All right, then. Try if you must, this voice says. But only in your off hours and in the corners of the room. On the dining room table when no one is eating or on the kitchen counter when you’re not prepping meals. And call it a hobby, not a calling, a practice or Art.

I’m familiar with this voice. I hear it in my own head constantly, loudest when I’m at my desk, writing.

So, Kate, you’ve had a room of your own for years. You call it your ‘study.’ What have you produced in there, huh?

In 2021, Kelley and I read 10 books together. Without meaning to, we chose and read 10 books by women, each set in a different part of the world:

Mrs. Dalloway, by Virginia Woolf (January)

Motherland, by Leah Franqui (February)

Pachinko, by Min Jin Lee (March)

The Luminaries, by Eleanor Catton (April-May)

Hamnet, by Maggie O’Farrell (June)

Migrations, by Charlotte McConaghy (July)

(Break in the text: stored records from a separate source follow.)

text \<open>Coxeter system, characterised (as in Bourbaki) by the exchange condition.\<close>
definition coxeter_system :: "('w, 'b) monoid_scheme \<Rightarrow> 'w set \<Rightarrow> bool" where
  "coxeter_system W S \<longleftrightarrow> group W \<and> finite S \<and> S \<subseteq> carrier W \<and> \<one>\<^bsub>W\<^esub> \<notin> S
    \<and> (\<forall>s\<in>S. s \<otimes>\<^bsub>W\<^esub> s = \<one>\<^bsub>W\<^esub>)
    \<and> (\<forall>w\<in>carrier W. \<exists>ws. set ws \<subseteq> S \<and> wprod W ws = w)
    \<and> (\<forall>ws s. set ws \<subseteq> S \<longrightarrow> s \<in> S \<longrightarrow> length ws = cox_length W S (wprod W ws)
         \<longrightarrow> cox_length W S (s \<otimes>\<^bsub>W\<^esub> wprod W ws) \<le> cox_length W S (wprod W ws)
         \<longrightarrow> (\<exists>i<length ws. s \<otimes>\<^bsub>W\<^esub> wprod W ws = wprod W (take i ws @ drop (Suc i) ws)))"

definition building ::
  "('w, 'b) monoid_scheme \<Rightarrow> 'w set \<Rightarrow> 'c set \<Rightarrow> ('c \<Rightarrow> 'c \<Rightarrow> 'w) \<Rightarrow> bool" where
  "building W S Ch \<delta> \<longleftrightarrow> coxeter_system W S \<and> Ch \<noteq> {}
    \<and> (\<forall>C\<in>Ch. \<forall>D\<in>Ch. \<delta> C D \<in> carrier W)
    \<and> (\<forall>C\<in>Ch. \<forall>D\<in>Ch. \<delta> C D = \<one>\<^bsub>W\<^esub> \<longleftrightarrow> C = D)
    \<and> (\<forall>C\<in>Ch. \<forall>D\<in>Ch. \<forall>C'\<in>Ch. \<forall>s\<in>S. \<delta> C' C = s \<longrightarrow>
         \<delta> C' D \<in> {s \<otimes>\<^bsub>W\<^esub> \<delta> C D, \<delta> C D}
         \<and> (cox_length W S (s \<otimes>\<^bsub>W\<^esub> \<delta> C D) = cox_length W S (\<delta> C D) + 1
              \<longrightarrow> \<delta> C' D = s \<otimes>\<^bsub>W\<^esub> \<delta> C D))
    \<and> (\<forall>C\<in>Ch. \<forall>D\<in>Ch. \<forall>s\<in>S. \<exists>C'\<in>Ch. \<delta> C' C = s \<and> \<delta> C' D = s \<otimes>\<^bsub>W\<^esub> \<delta> C D)"

definition thick_building ::
  "('w, 'b) monoid_scheme \<Rightarrow> 'w set \<Rightarrow> 'c set \<Rightarrow> ('c \<Rightarrow> 'c \<Rightarrow> 'w) \<Rightarrow> bool" where
  "thick_building W S Ch \<delta> \<longleftrightarrow> building W S Ch \<delta>
    \<and> (\<forall>C\<in>Ch. \<forall>s\<in>S. \<exists>D1 D2 D3. {D1, D2, D3} \<subseteq> {D\<in>Ch. \<delta> C D \<in> {\<one>\<^bsub>W\<^esub>, s}}
          \<and> D1 \<noteq> D2 \<and> D1 \<noteq> D3 \<and> D2 \<noteq> D3)"

text \<open>Apartments of the complete apartment system: images of isometries W \<rightarrow> Delta.
  An apartment is represented by its set of chambers.\<close>
definition is_apartment ::
  "('w, 'b) monoid_scheme \<Rightarrow> 'c set \<Rightarrow> ('c \<Rightarrow> 'c \<Rightarrow> 'w) \<Rightarrow> 'c set \<Rightarrow> bool" where
  "is_apartment W Ch \<delta> \<Sigma> \<longleftrightarrow> (\<exists>f. f \<in> carrier W \<rightarrow> Ch \<and> \<Sigma> = f ` carrier W
     \<and> (\<forall>u\<in>carrier W. \<forall>v\<in>carrier W. \<delta> (f u) (f v) = inv\<^bsub>W\<^esub> u \<otimes>\<^bsub>W\<^esub> v))"
lemma binomial_lam_tail_le:
  fixes \<Lambda> :: "real measure" and \<beta> C :: real and m n :: nat
  assumes sets_\<Lambda>: "sets \<Lambda> = sets borel"
    and le: "\<Lambda> \<le> density lborel (\<lambda>x. ennreal (powr_density C \<beta> x))"
    and \<beta>: "\<beta> \<ge> 1" and C: "C > 0" and mb: "real m > \<beta> + 1" and mn: "m \<le> Suc n"
  shows "(\<Sum>k = m..n. real (n choose k) * lam \<Lambda> n k)
           \<le> C / \<beta> * (((real n + 1) / (real m - \<beta> - 1)) powr \<beta> - 1)"
proof -
  have "real m \<le> real n + 1" using mn by simp
  have "(\<Sum>k = m..n. real (n choose k) * lam \<Lambda> n k)
      \<le> (\<Sum>k = m..n. real (n choose k) * (C * Beta (real k - \<beta>) (real n + 1 - real k)))"
    using mb by (intro sum_mono mult_left_mono lam_le_Beta[OF sets_\<Lambda> le \<beta> C]) auto
  also have "\<dots> = C / \<beta> * (Gamma (real n + 1) / Gamma (real n + 1 - \<beta>) * Gamma_shift_ratio \<beta> m - 1)"
    using binomial_Beta_sum_eq[of \<beta> m n] \<beta> mb mn
    by (simp add: sum_distrib_left[symmetric] mult.left_commute)
  also have "\<dots> \<le> C / \<beta> * (((real n + 1) / (real m - \<beta> - 1)) powr \<beta> - 1)"
  proof -
    have "Gamma (real n + 1) / Gamma (real n + 1 - \<beta>) * Gamma_shift_ratio \<beta> m
        \<le> ((real n + 1) / (real m - \<beta> - 1)) powr \<beta>"
      using Gamma_ratio_le_powr[of "real n + 1 - \<beta>" "real m - \<beta>" \<beta>] mb \<open>real m \<le> real n + 1\<close> \<beta>
      unfolding Gamma_shift_ratio_def by (simp add: algebra_simps)
    then show ?thesis
      using C \<beta> by (intro mult_left_mono) auto
  qed
  finally show ?thesis .
qed

lemma binomial_lam_floor_tail_le:
  fixes \<Lambda> :: "real measure" and \<beta> C \<delta> B :: real and n :: nat
  assumes sets_\<Lambda>: "sets \<Lambda> = sets borel"
    and le: "\<Lambda> \<le> density lborel (\<lambda>x. ennreal (powr_density C \<beta> x))"
    and \<beta>: "\<beta> \<ge> 1" and C: "C > 0" and \<delta>: "0 < \<delta>" "\<delta> \<le> 1"
    and large: "\<delta> * real n > \<beta> + 1"
    and bound: "((real n + 1) / (\<delta> * real n - \<beta> - 1)) powr \<beta> \<le> B + 1"
  shows "(\<Sum>k = nat \<lfloor>\<delta> * real n\<rfloor> + 1..n. real (n choose k) * lam \<Lambda> n k) \<le> C / \<beta> * B"
proof -
  define m where "m = nat \<lfloor>\<delta> * real n\<rfloor> + 1"
  have "0 \<le> \<delta> * real n" and "\<delta> * real n \<le> real n"
    using \<delta> by (auto simp: mult_left_le_one_le)
  then have "real m = real_of_int \<lfloor>\<delta> * real n\<rfloor> + 1"
    unfolding m_def by simp
  then have m_gt: "real m > \<delta> * real n"
    using real_of_int_floor_add_one_gt[of "\<delta> * real n"] by linarith
  have "\<lfloor>\<delta> * real n\<rfloor> \<le> \<lfloor>real n\<rfloor>"
    using \<open>\<delta> * real n \<le> real n\<close> by (rule floor_mono)
  then have m_le: "m \<le> Suc n"
    unfolding m_def by (simp add: nat_le_iff)
  have "(\<Sum>k = m..n. real (n choose k) * lam \<Lambda> n k)
      \<le> C / \<beta> * (((real n + 1) / (real m - \<beta> - 1)) powr \<beta> - 1)"
    using m_gt large by (intro binomial_lam_tail_le[OF sets_\<Lambda> le \<beta> C _ m_le]) auto
  also have "\<dots> \<le> C / \<beta> * B"
  proof -
    have "((real n + 1) / (real m - \<beta> - 1)) powr \<beta> \<le> ((real n + 1) / (\<delta> * real n - \<beta> - 1)) powr \<beta>"
      using m_gt large \<beta> by (intro powr_mono2 divide_left_mono mult_pos_pos) auto
    then show ?thesis
      using bound C \<beta> by (intro mult_left_mono) auto
  qed
  finally show ?thesis
    by (simp add: m_def)
qed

Outlawed, by Anna North (August)

The Signature of All Things, by Elizabeth Gilbert (September)

Matrix, by Lauren Groff (October)

Drive your Plow over the Bones of the Dead, by Olga Tokarczuk (November)

And we aspired to read The Other Side of the Sun by Madeline L’Engle in December but a pandemic surge, like a rogue ocean wave, pushed my reserved library copy out of my reach.

I don’t know how each of these women carved the space, time and focus to write, market and publish her book. But in each of these novels, I see the evidence of vision plus artistry plus determination that builds a creative practice. The way I see evidence of Kelley’s artistic practice on the walls of her studio.  

I’m not a painter. I don’t have finished canvases to hang on the walls. This year, though, I will have the analogy of painting in mind as I press through the stages of writing a story: inspiration, research, drafting, revising. Applying finishing touches and sending the work out, as if framed.

Here, this is done. My vision of one part of the world.